Scurvy – the disease of sailors

Already in the Middle Ages, the disease scurvy was known, which often appeared in sailors and could be cured by eating fruits and vegetables. Accordingly, it was known to be a nutritional disease, but the word vitamins was still a foreign word at that time.

Life Amine

In 1886, Dutch physician Christiaan Eijkman (1858 – 1930) was sent to Java, Indonesia to study a disease now known as Beri- Beri disease. Eijkman correctly suspected that it was a deficiency disease, but could not clarify which food components were responsible.

Later, Casimir Funk and Frederick Cowland Hopkins (1861 – 1947) came to the conclusion that both beri- beri and scurvy were caused by a deficiency of a dietary component that is only needed in small amounts. In beri- beri, the cause is a deficiency of thiamine (vitamin B1).

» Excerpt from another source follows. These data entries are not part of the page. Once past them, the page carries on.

lemma alt_shift_sum_eq:
  assumes "1 \<le> k"
  shows "alt_shift_sum p k = (\<Sum>i<p. (-1) ^ i / real k ^ (i + 1) * altzeta (p - i))
                           + (-1) ^ p / real k ^ p * ((-1) ^ k * (altzeta 1 - alt_harm 1 k))"
proof -
  have "(\<lambda>m. (\<Sum>i<p. (-1) ^ i / real k ^ (i + 1) * ((-1) ^ m / real (Suc m) ^ (p - i)))
            + (-1) ^ p / real k ^ p * ((-1) ^ m / real (Suc m + k) ^ 1))
        sums ((\<Sum>i<p. (-1) ^ i / real k ^ (i + 1) * altzeta (p - i))
              + (-1) ^ p / real k ^ p * ((-1) ^ k * (altzeta 1 - alt_harm 1 k)))"
    by (intro sums_add sums_sum sums_mult altzeta_sums altzeta_tail_sums) auto
  moreover have "(-1) ^ m / (real (Suc m) ^ p * real (Suc m + k))
      = (\<Sum>i<p. (-1) ^ i / real k ^ (i + 1) * ((-1) ^ m / real (Suc m) ^ (p - i)))
        + (-1) ^ p / real k ^ p * ((-1) ^ m / real (Suc m + k) ^ 1)" for m
  proof -
    have "1 / (real (Suc m) ^ p * (real (Suc m) + real k))
        = (\<Sum>i<p. (-1) ^ i / real k ^ (i + 1) * (1 / real (Suc m) ^ (p - i)))
          + (-1) ^ p / real k ^ p * (1 / (real (Suc m) + real k))"
      using assms by (intro partial_fractions_power_mult_shift) auto
    then have "(-1) ^ m * (1 / (real (Suc m) ^ p * (real (Suc m) + real k)))
        = (-1) ^ m * ((\<Sum>i<p. (-1) ^ i / real k ^ (i + 1) * (1 / real (Suc m) ^ (p - i)))
          + (-1) ^ p / real k ^ p * (1 / (real (Suc m) + real k)))"
      by simp
    then show ?thesis
      by (simp only: distrib_left sum_distrib_left of_nat_add) (simp add: algebra_simps)
  qed
  ultimately show ?thesis
    using alt_shift_sum_sums[of p k] by (simp add: sums_unique2)
qed

text \<open>As \<open>H(n+2) - 1/(n+2)^p = H(n+1)\<close>, the n-th term of the
  shifted series is \<open>c(n+1) - b(n+1)\<close>, where b, c are the terms of the given series and of
  \<^const>\<open>alt_shift_sum\<close>; moreover \<open>b 0 = c 0\<close>.\<close>
lemma harm_gen_shift_sums_Suc:
  assumes "(\<lambda>n. (-1) ^ n * harm_gen p (Suc n) / real (Suc n + r)) sums T"
  shows "(\<lambda>n. (-1) ^ n * harm_gen p (Suc n) / real (Suc n + Suc r)) sums (alt_shift_sum p r - T)"
proof -
  let ?b = "\<lambda>n. (-1) ^ n * harm_gen p (Suc n) / real (Suc n + r)"
  let ?c = "\<lambda>m. (-1) ^ m / (real (Suc m) ^ p * real (Suc m + r))"
  have "(\<lambda>n. ?c (Suc n)) sums (alt_shift_sum p r - ?c 0)"
    using alt_shift_sum_sums sums_Suc_iff[of ?c "alt_shift_sum p r - ?c 0"] by simp
  moreover have "(\<lambda>n. ?b (Suc n)) sums (T - ?b 0)"
    using assms sums_Suc_iff[of ?b "T - ?b 0"] by simp
  ultimately have "(\<lambda>n. ?c (Suc n) - ?b (Suc n)) sums (alt_shift_sum p r - ?c 0 - (T - ?b 0))"
    by (rule sums_diff)
  moreover have "alt_shift_sum p r - ?c 0 - (T - ?b 0) = alt_shift_sum p r - T"
    by (simp add: harm_gen_def)
  moreover have "(\<lambda>n. ?c (Suc n) - ?b (Suc n))
      = (\<lambda>n. (-1) ^ n * harm_gen p (Suc n) / real (Suc n + Suc r))"
  proof
    fix n
    show "?c (Suc n) - ?b (Suc n) = (-1) ^ n * harm_gen p (Suc n) / real (Suc n + Suc r)"
      by (simp add: harm_gen_Suc[of p "Suc n"] divide_simps del: of_nat_Suc of_nat_add)
         (simp add: algebra_simps)
  qed
  ultimately show ?thesis by simp
qed

definition S_shift_closed_form :: "nat \<Rightarrow> nat \<Rightarrow> real" where
  "S_shift_closed_form p r =
     (-1) ^ r * S_pm p 1 + (-1) ^ (r - 1) * altzeta (p + 1)
      + (\<Sum>j=1..p. (-1) ^ (p - j + r) * altzeta j * alt_harm (p - j + 1) (r - 1))
      + (-1) ^ (p + r - 1) * altzeta 1 * harm_gen p (r - 1)
      + (-1) ^ (p + r) * (\<Sum>n=1..r-1. alt_harm 1 n / real n ^ p)"

lemma S_shift_closed_form_1: "S_shift_closed_form p (Suc 0) = alt_shift_sum p 0 - S_pm p 1"
  by (simp add: S_shift_closed_form_def alt_shift_sum_0 alt_harm_def harm_gen_def)
theorem theorem5:
  fixes n m :: nat and E :: "nat \<Rightarrow> nat \<Rightarrow> bool" and t :: nat
  assumes no_isolated: "\<forall>i<n. \<exists>j<m. E i j"
    and t_bound: "\<forall>p. irreducible_pcw n m E p \<longrightarrow> (\<forall>i<n. p i \<le> t)"
    and t_attained: "\<exists>p i. irreducible_pcw n m E p \<and> i < n \<and> p i = t"
  shows "(\<forall>p. irreducible_pcw n m E p \<longrightarrow>
            real (min_lift_degree n m E p) \<le> real (max_check_sum n m E p) / 2 \<and>
            real (max_check_sum n m E p) / 2 \<le> real t * real (max_check_degree n m E) / 2)
         \<and> real (m_min n m E) \<le> real t * real (max_check_degree n m E) / 2"
proof -
  define d where "d = max_check_degree n m E"
  obtain p0 i0 where irr0: "irreducible_pcw n m E p0" and "i0 < n"
    using t_attained by blast
  then have "0 < m" using no_isolated by fastforce
  have max_le: "max_check_sum n m E p \<le> t * d" if "irreducible_pcw n m E p" for p
    using that t_bound max_check_sum_le_mult_max_check_degree[OF \<open>0 < m\<close>] by (simp add: d_def)
  have "real (min_lift_degree n m E p) \<le> real (max_check_sum n m E p) / 2"
    if "irreducible_pcw n m E p" for p
  proof -
    have "min_lift_degree n m E p \<le> max_check_sum n m E p div 2"
      using min_lift_degree_le_half_max_check_sum[OF no_isolated] that
      by (simp add: irreducible_pcw_def)
    then show ?thesis by linarith
  qed
  moreover have "real (max_check_sum n m E p) \<le> real t * real d" if "irreducible_pcw n m E p" for p
    using max_le[OF that] by (simp flip: of_nat_mult)
  moreover have "real (m_min n m E) \<le> real (t * d) / 2"
  proof -
    have "m_min n m E \<le> t * d div 2"
      using m_min_le_half_bound[OF no_isolated irr0] max_le by blast
    then show ?thesis by linarith
  qed
  ultimately show ?thesis by (simp add: d_def)
qed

Funk gave these food components, of which only very small amounts are needed, the name “vitamins“. Translated “life amines. Funk assumed that the vitamins are a uniform group of substances.

English perfectionism

But since vitamins are by no means a homogeneous group of substances, the term was renamed – at least in English. From “vitamines” to “vitamins.” Now vitamins in English lack the “e”. Although the word “amine” is still at the end, it no longer refers to the amine group of substances.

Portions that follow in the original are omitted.